Development Economist Alan Griffith to Join Faculty This Autumn

Submitted by Nicole Johns on
Alan Griffith (photo: U of Michigan Economics)

The Department of Economics is delighted to announce that Alan Griffith has accepted an offer to join us as a tenure-track assistant professor starting Autumn quarter 2017.

Griffith expects to complete his PhD in economics this May at the University of Michigan, where he is also a Pre-doctoral Trainee at the Population Studies Center with the Institute for Social Research. Griffith has held an Economic Demography Fellowship with the Center since September 2014.

Within his broad interest area of applied microeconomics, Griffith’s research comprises development economics, labor economics, industrial organization, applied econometrics, and the economics of networks, with particular focus on the causes and effects of social networks on behavior and economic and educational outcomes.
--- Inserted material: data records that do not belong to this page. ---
(* Let $n$ and $k$ be positive integers with $k\le n$, and let $m$ be a nonnegative integer. Consider an airplane with $n$ seats numbered $1,\dots,n$ and $n$ passengers numbered $1,\dots,n$, passenger $i$ being assigned seat $i$. Passengers board one at a time in the order $1,2,\dots,n$. Passengers $1,\dots,k$ are absent-minded: when it is such a passenger's turn, he chooses a seat uniformly at random among the currently unoccupied seats. Each passenger $i>k$ sits in seat $i$ if it is unoccupied, and otherwise chooses a seat uniformly at random among the currently unoccupied seats. Call a passenger misseated if he does not end up in his assigned seat. Then the probability $P_{n,k}(m)$ that exactly $m$ passengers are misseated is \[ P_{n,k}(m)=\frac{1}{n!}\sum_{s=0}^{k}\binom{k}{s}\sum_{t=0}^{s}(t!)^2\left\{{m-s \atop t}\right\}\left[{n-k+1 \atop m-s+1}\right]\sum_{r=t}^{s}\binom{s}{r}L(r,t)\,d_{s-r}. \]
   Context: Notation: $\left[{i \atop j}\right]$ is the unsigned Stirling number of the first kind (number of permutations of $i$ elements with exactly $j$ disjoint cycles); $\left\{{i \atop j}\right\}$ is the Stirling number of the second kind (number of partitions of a set of $i$ labeled objects into $j$ nonempty unlabeled blocks); $L(i,j)$ is the Lah number (number of ways to partition a set of $i$ elements into $j$ nonempty linearly ordered subsets, with $L(0,0)=1$); $d_i$ is the number of derangements (fixed-point-free permutations) of an $i$-element set, with $d_0=1$. Conventions for positive integers $p,q$: $\left\{{-p \atop q}\right\}=0$, $\left\{{-p \atop 0}\right\}=0$, $\left\{{0 \atop q}\right\}=0$, $\left\{{0 \atop 0}\right\}=1$, $\left[{p \atop 0}\right]=0$, $\left[{p \atop -q}\right]=0$. *)

theory Defs
  imports "HOL-Probability.Probability" "HOL-Combinatorics.Stirling" "HOL-Combinatorics.Permutations"
begin

definition stirling2_int :: "int \<Rightarrow> int \<Rightarrow> nat" where
  "stirling2_int a b = (if a < 0 \<or> b < 0 then 0 else Stirling (nat a) (nat b))"

definition stirling1_int :: "int \<Rightarrow> int \<Rightarrow> nat" where
  "stirling1_int a b = (if a < 0 \<or> b < 0 then 0 else stirling (nat a) (nat b))"

text \<open>Lah number: partitions of {0..<i} into j nonempty linearly ordered blocks
  (each block a nonempty list without repetitions).\<close>
definition lah :: "nat \<Rightarrow> nat \<Rightarrow> nat" where
  "lah i j = card {P :: nat list set.
      (\<forall>xs\<in>P. xs \<noteq> [] \<and> distinct xs) \<and>
      (\<forall>xs\<in>P. \<forall>ys\<in>P. xs \<noteq> ys \<longrightarrow> set xs \<inter> set ys = {}) \<and>
      \<Union>(set ` P) = {0..<i} \<and> card P = j}"

definition derangements_num :: "nat \<Rightarrow> nat" where
  "derangements_num i = card {p. p permutes {0..<i} \<and> (\<forall>x\<in>{0..<i}. p x \<noteq> x)}"

text \<open>The boarding process: after i passengers have boarded, the state is the list of
  seats taken by passengers 1..i (passenger j sits in seat xs ! (j-1)).\<close>
primrec seating :: "nat \<Rightarrow> nat \<Rightarrow> nat \<Rightarrow> nat list pmf" where
  "seating n k 0 = return_pmf []"
| "seating n k (Suc i) = do {
      xs \<leftarrow> seating n k i;
      s \<leftarrow> (if Suc i \<le> k \<or> Suc i \<in> set xs
             then pmf_of_set ({1..n} - set xs)
             else return_pmf (Suc i));
      return_pmf (xs @ [s])
    }"

definition misseated :: "nat \<Rightarrow> nat list \<Rightarrow> nat" where
  "misseated n xs = card {i \<in> {1..n}. xs ! (i - 1) \<noteq> i}"

end

theory Submission
  imports Defs "HOL-Combinatorics.Multiset_Permutations"
begin

text \<open>
  A complete boarding is a permutation \<open>\<tau>\<close> of the seats, \<open>\<tau> j\<close> being the seat of passenger \<open>j\<close>.
  If \<open>A \<subseteq> {1..k}\<close> and \<open>D \<subseteq> {k+1..n}\<close> are the misseated absent-minded and regular passengers,
  then \<open>\<tau>\<close> is a derangement of \<open>A \<union> D\<close> in which every seat \<open>d \<in> D\<close> is taken by an earlier
  passenger, and conversely. Its probability depends on \<open>D\<close> only: passenger \<open>j\<close> chooses among
  \<open>n + 1 - j\<close> free seats exactly when \<open>j \<le> k\<close> or \<open>j \<in> D\<close>, so it equals
  \<open>\<Prod>j \<in> {k+1..n} - D. (n + 1 - j)\<close> divided by \<open>n!\<close>, and summing over all \<open>D\<close> of a given size
  gives a Stirling number of the first kind.

  Deleting the largest element of \<open>D\<close> from its cycle shows that the number of these
  derangements with \<open>|A| = s\<close>, \<open>|D| = q\<close> is \<open>\<Sum>j. (-1)^j C(s,j) (s-j)! (s-j)^q\<close>. Expanding
  \<open>(s-j)^q\<close> into falling factorials with Stirling numbers of the second kind, and using
  \<open>t! L(r,t) = r! C(r-1,t-1)\<close> and \<open>d_u = \<Sum>i. (-1)^i C(u,i) (u-i)!\<close>, turns this count into
  the inner double sum of the formula.
\<close>

section \<open>Admissible derangements\<close>

text \<open>\<open>\<tau> z\<close> is the seat of passenger \<open>z\<close>; a misseated regular passenger \<open>d \<in> D\<close> must have
  found his seat taken by an earlier passenger.\<close>
definition admissible_derangements :: "nat set \<Rightarrow> nat set \<Rightarrow> (nat \<Rightarrow> nat) set" where
  "admissible_derangements A D = {\<tau>. \<tau> permutes A \<union> D \<and> (\<forall>z\<in>A \<union> D. \<tau> z \<noteq> z) \<and>
     (\<forall>z\<in>A \<union> D. \<tau> z \<in> D \<longrightarrow> z < \<tau> z)}"

lemma finite_admissible_derangements:
  "finite A \<Longrightarrow> finite D \<Longrightarrow> finite (admissible_derangements A D)"
  unfolding admissible_derangements_def
  by (rule finite_subset[OF _ finite_permutations[of "A \<union> D"]]) auto

lemma admissible_derangements_empty: "admissible_derangements {} {} = {id}"
  unfolding admissible_derangements_def by (auto simp: permutes_empty)

lemma admissible_derangements_insert_max_image:
  assumes \<tau>: "\<tau> \<in> admissible_derangements A (insert d D)" and less: "\<forall>z\<in>A \<union> D. z < d"
  shows "\<tau> d \<in> A"
proof -
  have "\<tau> d \<in> A \<union> insert d D" "\<tau> d \<noteq> d" "\<tau> d \<in> insert d D \<longrightarrow> d < \<tau> d"
    using \<tau> permutes_in_image[of \<tau> "A \<union> insert d D" d] unfolding admissible_derangements_def by auto
  then show ?thesis using less by (auto dest: less_asym)
qed

text \<open>Deleting the largest element \<open>d\<close> from its cycle in \<open>\<sigma>\<close> leaves an admissible derangement \<open>\<tau>\<close>
  of \<open>A \<union> D\<close> together with the predecessor \<open>x\<close> of \<open>d\<close>, where \<open>\<tau> x = \<sigma> d \<in> A\<close>, unless that
  cycle is a transposition \<open>(y d)\<close>, whose removal leaves one of \<open>(A - {y}) \<union> D\<close>.\<close>
lemma bij_betw_admissible_long_cycle:
  assumes disj: "A \<inter> D = {}" and less: "\<forall>z\<in>A \<union> D. z < d"
  shows "bij_betw (\<lambda>(\<tau>, x). \<tau> \<circ> Transposition.transpose x d)
           (SIGMA \<tau>:admissible_derangements A D. {x \<in> A \<union> D. \<tau> x \<in> A})
           {\<sigma> \<in> admissible_derangements A (insert d D). \<sigma> (\<sigma> d) \<noteq> d}"
proof -
  let ?f = "\<lambda>(\<tau>, x). \<tau> \<circ> Transposition.transpose x d"
  let ?g = "\<lambda>\<sigma>. (\<sigma> \<circ> Transposition.transpose (inv \<sigma> d) d, inv \<sigma> d)"
  let ?S = "SIGMA \<tau>:admissible_derangements A D. {x \<in> A \<union> D. \<tau> x \<in> A}"
  let ?P = "{\<sigma> \<in> admissible_derangements A (insert d D). \<sigma> (\<sigma> d) \<noteq> d}"
  have dn: "d \<notin> A \<union> D" using less by auto
  have f_into: "?f (\<tau>, x) \<in> admissible_derangements A (insert d D) \<and> ?f (\<tau>, x) (?f (\<tau>, x) d) \<noteq> d"
    and left: "?g (?f (\<tau>, x)) = (\<tau>, x)"
    if \<tau>: "\<tau> \<in> admissible_derangements A D" and x: "x \<in> A \<union> D" "\<tau> x \<in> A" for \<tau> x
  proof -
    have p: "\<tau> permutes A \<union> D" and der: "\<forall>z\<in>A \<union> D. \<tau> z \<noteq> z" and ord: "\<forall>z\<in>A \<union> D. \<tau> z \<in> D \<longrightarrow> z < \<tau> z"
      using \<tau> unfolding admissible_derangements_def by auto
    have \<tau>d: "\<tau> d = d" using p dn by (simp add: permutes_not_in)
    have in_AD: "z \<in> A \<union> D \<Longrightarrow> \<tau> z \<in> A \<union> D" for z using permutes_in_image[OF p] by blast
    have perm: "\<tau> \<circ> Transposition.transpose x d permutes A \<union> insert d D"
      by (rule permutes_compose[OF permutes_swap_id permutes_subset[OF p]]) (use x in auto)
    moreover have "\<tau> (\<tau> x) \<noteq> d" using in_AD[OF in_AD[OF x(1)]] dn by auto
    ultimately show "?f (\<tau>, x) \<in> admissible_derangements A (insert d D) \<and> ?f (\<tau>, x) (?f (\<tau>, x) d) \<noteq> d"
      using x \<tau>d der ord in_AD dn disj less
      unfolding admissible_derangements_def by (auto simp: Transposition.transpose_def)
    have "inv (\<tau> \<circ> Transposition.transpose x d) d = x"
      using perm \<tau>d by (simp add: permutes_inv_eq)
    then show "?g (?f (\<tau>, x)) = (\<tau>, x)" by (simp add: comp_assoc)
  qed
  have g_into: "?g \<sigma> \<in> ?S"
    if \<sigma>: "\<sigma> \<in> admissible_derangements A (insert d D)" and long: "\<sigma> (\<sigma> d) \<noteq> d" for \<sigma>
  proof -
    have p: "\<sigma> permutes A \<union> insert d D" and der: "\<forall>z\<in>A \<union> insert d D. \<sigma> z \<noteq> z"
      and ord: "\<forall>z\<in>A \<union> insert d D. \<sigma> z \<in> insert d D \<longrightarrow> z < \<sigma> z"
      using \<sigma> unfolding admissible_derangements_def by auto
    define x where "x = inv \<sigma> d"
    have \<sigma>x: "\<sigma> x = d" unfolding x_def using p by (meson permutes_inverses(1))
    have x: "x \<in> A \<union> D"
      using p \<sigma>x der by (metis Un_iff insert_iff insertI1 permutes_not_in permutes_in_image)
    have \<sigma>d: "\<sigma> d \<in> A" by (rule admissible_derangements_insert_max_image[OF \<sigma> less])
    have "\<sigma> \<circ> Transposition.transpose x d permutes A \<union> insert d D"
      by (rule permutes_compose[OF permutes_swap_id p]) (use x in auto)
    then have "\<sigma> \<circ> Transposition.transpose x d permutes A \<union> D"
      by (rule permutes_superset) (use \<sigma>x x dn in \<open>auto simp: Transposition.transpose_def\<close>)
    then show ?thesis
      using x \<sigma>x \<sigma>d der ord long dn disj unfolding admissible_derangements_def x_def[symmetric]
      by (auto simp: Transposition.transpose_def)
  qed
  show ?thesis
  proof (rule bij_betw_byWitness[where f' = ?g])
    show "?f ` ?S \<subseteq> ?P" using f_into by auto
    show "?g ` ?P \<subseteq> ?S" by (rule image_subsetI, rule g_into) auto
  qed (use left in \<open>auto simp: comp_assoc\<close>)
qed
His job market paper “Random Assignment with Non-Random Peers: A Structural Approach to Counterfactual Treatment Assessment” considers network endogeneity within a new framework for estimating peer effects.
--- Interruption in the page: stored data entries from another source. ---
lemma beta_lt_half_if_solvable:
  assumes m: "m \<ge> 2" and \<beta>: "\<beta> \<le> 1"
    and u0: "\<forall>y\<in>tree_nodes m. avg_op m \<beta> u0 y = h y" "boundary_eq m u0 (\<lambda>_. 0)"
    and u1: "\<forall>y\<in>tree_nodes m. avg_op m \<beta> u1 y = h y" "boundary_eq m u1 (\<lambda>t. t)"
  shows "\<beta> < 1/2"
proof (rule ccontr)
  assume "\<not> \<beta> < 1/2"
  define w where "w x = u1 x - u0 x" for x
  have hom: "\<forall>y\<in>tree_nodes m. avg_op m \<beta> w y = 0"
    using u0(1) u1(1) by (simp add: w_def[abs_def] avg_op_diff)
  have bd: "boundary_eq m w (\<lambda>t. t)"
    using boundary_eq_add[OF u1(2) boundary_eq_minus[OF u0(2)]] by (simp add: w_def[abs_def])
  have const: "w x = w []" if "x \<in> tree_nodes m" for x
    by (rule homogeneous_solution_constant[OF _ _ \<beta> hom bd that]) (use m \<open>\<not> \<beta> < 1/2\<close> in auto)
  obtain K where K: "\<forall>x\<in>tree_nodes m. \<forall>z\<in>branches m. K \<le> length x \<and> passes_through z x \<longrightarrow>
      \<bar>w x - psi m z\<bar> < 1/2"
    using bd unfolding boundary_eq_def by (meson half_gt_zero zero_less_one)
  have "\<bar>w [] - psi m z\<bar> < 1/2" if z: "z \<in> branches m" for z
    using K map_upt_in_tree_nodes[OF z, of K] passes_through_map_upt[of z K] z const by fastforce
  moreover have "(\<lambda>_. 0) \<in> branches m" and "(\<lambda>_. m - 1) \<in> branches m"
    using m unfolding branches_def by auto
  ultimately have "\<bar>w [] - 0\<bar> < 1/2" and "\<bar>w [] - 1\<bar> < 1/2"
    using psi_zero_branch psi_max_branch[OF m] by metis+
  then show False by linarith
qed

section \<open>Sums and averages along paths\<close>

definition path_sum :: "real \<Rightarrow> (nat list \<Rightarrow> real) \<Rightarrow> nat list \<Rightarrow> real" where
  "path_sum r G x = (\<Sum>j=1..length x. r ^ (length x - j) * G (take j x))"

lemma path_sum_Nil [simp]: "path_sum r G [] = 0"
  unfolding path_sum_def by simp

lemma path_sum_snoc: "path_sum r G (x @ [a]) = G (x @ [a]) + r * path_sum r G x"
proof -
  have "(\<Sum>j=1..length x. r ^ (Suc (length x) - j) * G (take j (x @ [a]))) =
      r * (\<Sum>j=1..length x. r ^ (length x - j) * G (take j x))"
    unfolding sum_distrib_left
  proof (rule sum.cong)
    fix j assume "j \<in> {1..length x}"
    then have "Suc (length x) - j = Suc (length x - j)" "take j (x @ [a]) = take j x" by auto
    then show "r ^ (Suc (length x) - j) * G (take j (x @ [a])) = r * (r ^ (length x - j) * G (take j x))"
      by simp
  qed simp
  then show ?thesis unfolding path_sum_def by (simp add: add.commute)
qed

lemma path_sum_add: "path_sum r (\<lambda>y. F y + G y) x = path_sum r F x + path_sum r G x"
  unfolding path_sum_def by (simp add: sum.distrib algebra_simps)

lemma boundary_eq_zero_cmult: "boundary_eq m u (\<lambda>_. 0) \<Longrightarrow> boundary_eq m (\<lambda>x. c * u x) (\<lambda>_. 0)"
proof (cases "c = 0")
  case False
  assume u: "boundary_eq m u (\<lambda>_. 0)"
  show ?thesis
    unfolding boundary_eq_def
  proof (intro allI impI)
    fix e :: real assume "e > 0"
    with False have "e / \<bar>c\<bar> > 0" by simp
    then obtain K where K: "\<forall>x\<in>tree_nodes m. \<forall>z\<in>branches m. K \<le> length x \<and> passes_through z x \<longrightarrow> \<bar>u x - 0\<bar> < e / \<bar>c\<bar>"
      using u unfolding boundary_eq_def by blast
    have "\<bar>c * u x - 0\<bar> < e" if "\<bar>u x - 0\<bar> < e / \<bar>c\<bar>" for x
      using that False by (simp add: abs_mult pos_less_divide_eq mult.commute)
    with K show "\<exists>K. \<forall>x\<in>tree_nodes m. \<forall>z\<in>branches m. K \<le> length x \<and> passes_through z x \<longrightarrow> \<bar>c * u x - 0\<bar> < e"
      by blast
  qed
qed (simp add: boundary_eq_def)

lemma boundary_eq_geometric:
  assumes "\<bar>r\<bar> < 1"
  shows "boundary_eq m (\<lambda>x. r ^ length x * c) (\<lambda>_. 0)"
  unfolding boundary_eq_def
proof (intro allI impI)
  fix e :: real assume "e > 0"
  have "(\<lambda>k. r ^ k * c) \<longlonglongrightarrow> 0 * c"
    using assms by (intro tendsto_mult_right LIMSEQ_power_zero) simp
  then obtain K where "\<forall>k\<ge>K. \<bar>r ^ k * c\<bar> < e"
    using LIMSEQ_D[OF _ \<open>e > 0\<close>] by fastforce
  then show "\<exists>K. \<forall>x\<in>tree_nodes m. \<forall>z\<in>branches m. K \<le> length x \<and> passes_through z x \<longrightarrow>
      \<bar>r ^ length x * c - 0\<bar> < e"
    by auto
qed

lemma tendsto_level_SUP_zero_iff:
  assumes m: "m > 0"
  shows "(\<lambda>k. SUP x\<in>{x\<in>tree_nodes m. length x = k}. \<bar>F k x\<bar>) \<longlonglongrightarrow> 0 \<longleftrightarrow>
    boundary_eq m (\<lambda>x. F (length x) x) (\<lambda>_. 0)"
proof -
  let ?A = "\<lambda>k. {x\<in>tree_nodes m. length x = k}"
  have "card (?A k) > 0" for k
    using card_succs[of m k "[]"] m unfolding succs_Nil_eq_level by simp
  then have fin: "finite (?A k)" and ne: "?A k \<noteq> {}" for k
    using card_gt_0_iff by blast+
  have bdd: "bdd_above ((\<lambda>x. \<bar>F k x\<bar>) ` ?A k)" for k
    using fin by (rule bdd_above_finite[OF finite_imageI])
  have SUP_ge: "\<bar>F k x\<bar> \<le> (SUP x\<in>?A k. \<bar>F k x\<bar>)" if "x \<in> ?A k" for k x
    using that bdd by (rule cSUP_upper)
  have "(\<lambda>k. SUP x\<in>?A k. \<bar>F k x\<bar>) \<longlonglongrightarrow> 0 \<longleftrightarrow>
      (\<forall>e>0. \<exists>K. \<forall>x\<in>tree_nodes m. K \<le> length x \<longrightarrow> \<bar>F (length x) x\<bar> < e)"
  proof
    assume lim: "(\<lambda>k. SUP x\<in>?A k. \<bar>F k x\<bar>) \<longlonglongrightarrow> 0"
    show "\<forall>e>0. \<exists>K. \<forall>x\<in>tree_nodes m. K \<le> length x \<longrightarrow> \<bar>F (length x) x\<bar> < e"
    proof (intro allI impI)
      fix e :: real assume "e > 0"
      then obtain K where "\<forall>k\<ge>K. \<bar>(SUP x\<in>?A k. \<bar>F k x\<bar>)\<bar> < e"
        using LIMSEQ_D[OF lim] by fastforce
      then show "\<exists>K. \<forall>x\<in>tree_nodes m. K \<le> length x \<longrightarrow> \<bar>F (length x) x\<bar> < e"
        using SUP_ge by (intro exI[of _ K]) (fastforce intro: le_less_trans)
    qed
  next
    assume unif: "\<forall>e>0. \<exists>K. \<forall>x\<in>tree_nodes m. K \<le> length x \<longrightarrow> \<bar>F (length x) x\<bar> < e"
    show "(\<lambda>k. SUP x\<in>?A k. \<bar>F k x\<bar>) \<longlonglongrightarrow> 0"
    proof (rule LIMSEQ_I)
      fix e :: real assume "e > 0"
      then obtain K where K: "\<forall>x\<in>tree_nodes m. K \<le> length x \<longrightarrow> \<bar>F (length x) x\<bar> < e / 2"
        using unif half_gt_zero by blast
      have "0 \<le> (SUP x\<in>?A k. \<bar>F k x\<bar>) \<and> (SUP x\<in>?A k. \<bar>F k x\<bar>) \<le> e / 2" if "K \<le> k" for k
      proof
        obtain x0 where "x0 \<in> ?A k" using ne by blast
        then show "0 \<le> (SUP x\<in>?A k. \<bar>F k x\<bar>)" by (rule order_trans[OF abs_ge_zero SUP_ge])
        show "(SUP x\<in>?A k. \<bar>F k x\<bar>) \<le> e / 2"
          using K that by (intro cSUP_least[OF ne]) (auto intro: less_imp_le)
      qed
      then show "\<exists>K. \<forall>k\<ge>K. norm ((SUP x\<in>?A k. \<bar>F k x\<bar>) - 0) < e"
        using \<open>e > 0\<close> by (intro exI[of _ K]) force
    qed
  qed
  then show ?thesis
    by (simp add: boundary_eq_zero_iff[OF m])
qed

lemma boundary_eq_cong:
  "boundary_eq m u f \<Longrightarrow> (\<And>x. x \<in> tree_nodes m \<Longrightarrow> u x = v x) \<Longrightarrow> boundary_eq m v f"
  unfolding boundary_eq_def by simp

lemma S_conditions_if_solution:
  assumes m: "m > 0" and \<beta>: "0 \<le> \<beta>" "\<beta> < 1/2"
    and u: "\<forall>y\<in>tree_nodes m. avg_op m \<beta> u y = h y" and bd: "boundary_eq m u (\<lambda>_. 0)"
  shows "\<forall>x\<in>tree_nodes m. S_conv m \<beta> h x"
    and "boundary_eq m (path_sum (\<beta> / (1 - \<beta>)) (S_beta m \<beta> h)) (\<lambda>_. 0)"
proof -
  define r where "r = \<beta> / (1 - \<beta>)"
  have r: "0 \<le> r" "r < 1" using beta_ratio_bounds[OF \<beta>] unfolding r_def by auto
  note S = S_beta_of_solution[OF m \<beta> u succ_avg_tendsto_zero[OF m bd], folded r_def]
  show "\<forall>x\<in>tree_nodes m. S_conv m \<beta> h x"
    using S(1) by blast
  have path: "(1 - r) * path_sum r (S_beta m \<beta> h) x = u x - r ^ length x * u []"
    if "x \<in> tree_nodes m" for x
    using that
  proof (induction x rule: rev_induct)
    case (snoc a xs)
    then have IH: "(1 - r) * path_sum r (S_beta m \<beta> h) xs = u xs - r ^ length xs * u []" by simp
    have "(1 - r) * path_sum r (S_beta m \<beta> h) (xs @ [a]) =
        (1 - r) * S_beta m \<beta> h (xs @ [a]) + r * ((1 - r) * path_sum r (S_beta m \<beta> h) xs)"
      unfolding path_sum_snoc by (simp add: algebra_simps)
    also have "\<dots> = (u (xs @ [a]) - r * u xs) + r * (u xs - r ^ length xs * u [])"
      unfolding IH S(2)[OF snoc.prems snoc.prems] by (simp add: parent_val_def)
    also have "\<dots> = u (xs @ [a]) - r ^ length (xs @ [a]) * u []"
      by (simp add: algebra_simps)
    finally show ?case .
  qed simp
  have "boundary_eq m (\<lambda>x. u x + - (r ^ length x * u [])) (\<lambda>_. 0)"
    using boundary_eq_add[OF bd boundary_eq_minus[OF boundary_eq_geometric[of r m "u []"]]] r by simp
  then have "boundary_eq m (\<lambda>x. 1 / (1 - r) * (u x + - (r ^ length x * u []))) (\<lambda>_. 0)"
    by (rule boundary_eq_zero_cmult)
  then show "boundary_eq m (path_sum r (S_beta m \<beta> h)) (\<lambda>_. 0)"
  proof (rule boundary_eq_cong)
    fix x assume "x \<in> tree_nodes m"
    then show "1 / (1 - r) * (u x + - (r ^ length x * u [])) = path_sum r (S_beta m \<beta> h) x"
      using path r by (simp add: field_simps)
  qed
qed

lemma sums_beta_geometric:
  fixes \<beta> :: real
  assumes "0 \<le> \<beta>" and "\<beta> < 1/2"
  shows "(\<lambda>n. \<beta> ^ n / (1 - \<beta>) ^ Suc n * c) sums (c / (1 - 2 * \<beta>))"
proof -
  have r: "0 \<le> \<beta> / (1 - \<beta>)" "\<beta> / (1 - \<beta>) < 1"
    using beta_ratio_bounds[OF assms] by auto
  then have "norm (\<beta> / (1 - \<beta>)) < 1"
    by (simp only: real_norm_def abs_of_nonneg[OF r(1)])
  then have "(\<lambda>n. c / (1 - \<beta>) * (\<beta> / (1 - \<beta>)) ^ n) sums (c / (1 - \<beta>) * (1 / (1 - \<beta> / (1 - \<beta>))))"
    by (intro sums_mult geometric_sums)
  also have "(\<lambda>n. c / (1 - \<beta>) * (\<beta> / (1 - \<beta>)) ^ n) = (\<lambda>n. \<beta> ^ n / (1 - \<beta>) ^ Suc n * c)"
    by (simp add: fun_eq_iff power_divide)
  also have "c / (1 - \<beta>) * (1 / (1 - \<beta> / (1 - \<beta>))) = c / (1 - 2 * \<beta>)"
  proof -
    have "1 - \<beta> / (1 - \<beta>) = (1 - 2 * \<beta>) / (1 - \<beta>)"
      using assms by (simp add: field_simps)
    then show ?thesis using assms by simp
  qed
  finally show ?thesis .
qed

lemma S_beta_mean:
  assumes m: "m > 0" and \<beta>: "0 \<le> \<beta>" "\<beta> < 1/2"
    and conv: "\<forall>y\<in>tree_nodes m. S_conv m \<beta> h y" and x: "x \<in> tree_nodes m"
  shows "(\<Sum>a<m. S_beta m \<beta> h (x @ [a])) / real m = S_beta m \<beta> h x - h x / (1 - 2 * \<beta>)"
proof -
  have "(\<lambda>n. S_term m \<beta> h y (Suc n)) sums S_beta m \<beta> h y" if "y \<in> tree_nodes m" for y
    using conv that unfolding S_conv_def S_beta_def by (simp add: summable_sums)
  then have "(\<lambda>n. S_term m \<beta> h y n) sums S_beta m \<beta> h y" if "y \<in> tree_nodes m" for y
    using that unfolding sums_Suc_iff by simp
  then have "(\<lambda>n. \<beta> ^ n / (1 - \<beta>) ^ Suc n * h x + (\<Sum>a<m. S_term m \<beta> h (x @ [a]) n) / real m)
      sums (h x / (1 - 2 * \<beta>) + (\<Sum>a<m. S_beta m \<beta> h (x @ [a])) / real m)"
    using x by (intro sums_add sums_beta_geometric[OF \<beta>] sums_divide sums_sum) auto
  then have "(\<lambda>n. S_term m \<beta> h x (Suc n)) sums (h x / (1 - 2 * \<beta>) + (\<Sum>a<m. S_beta m \<beta> h (x @ [a])) / real m)"
    unfolding S_term_Suc_split[OF m] .
  then have "S_beta m \<beta> h x = h x / (1 - 2 * \<beta>) + (\<Sum>a<m. S_beta m \<beta> h (x @ [a])) / real m"
    unfolding S_beta_def by (rule sums_unique[symmetric])
  then show ?thesis by simp
qed

definition path_avg :: "real \<Rightarrow> (nat list \<Rightarrow> real) \<Rightarrow> real \<Rightarrow> nat list \<Rightarrow> real" where
  "path_avg r G c x = (1 - r) * path_sum r G x + r ^ length x * c"

lemma path_avg_Nil [simp]: "path_avg r G c [] = c"
  unfolding path_avg_def by simp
At Michigan, Griffith taught courses on statistics, econometrics, and development economics and welcomes the opportunity to teach in his research areas of structural estimation, program evaluation, and the economics of social networks at UW.

Originally from Memphis, Tennessee, Griffith did his undergraduate studies on a four-year Presidential Scholarship at American University in Washington, D.C., completing a double major in Economics and Political Science with a minor in Math. He completed his J.D. at the University of Virginia School of Law in 2009, where he graduated in the top 10% of his class and was an articles editor for the Virginia Tax Review. Griffith practiced trial law as an associate attorney for two years in Atlanta, Georgia, before relocating to Ann Arbor to begin his graduate studies in economics.

In his free time, Griffith enjoys distance running and ‘frolicking in the mountains’ – ideally at the same time. He is undoubtedly pleased to be moving to the Pacific Northwest, where both distance runners and mountains abound. 

The Department of Economics is excited to welcome Griffith to the faculty this fall and extends its thanks to the search committee members: Professors Patrick Bajari (Chair), Yanqin Fan, Jacques Lawarree, and Eric Zivot.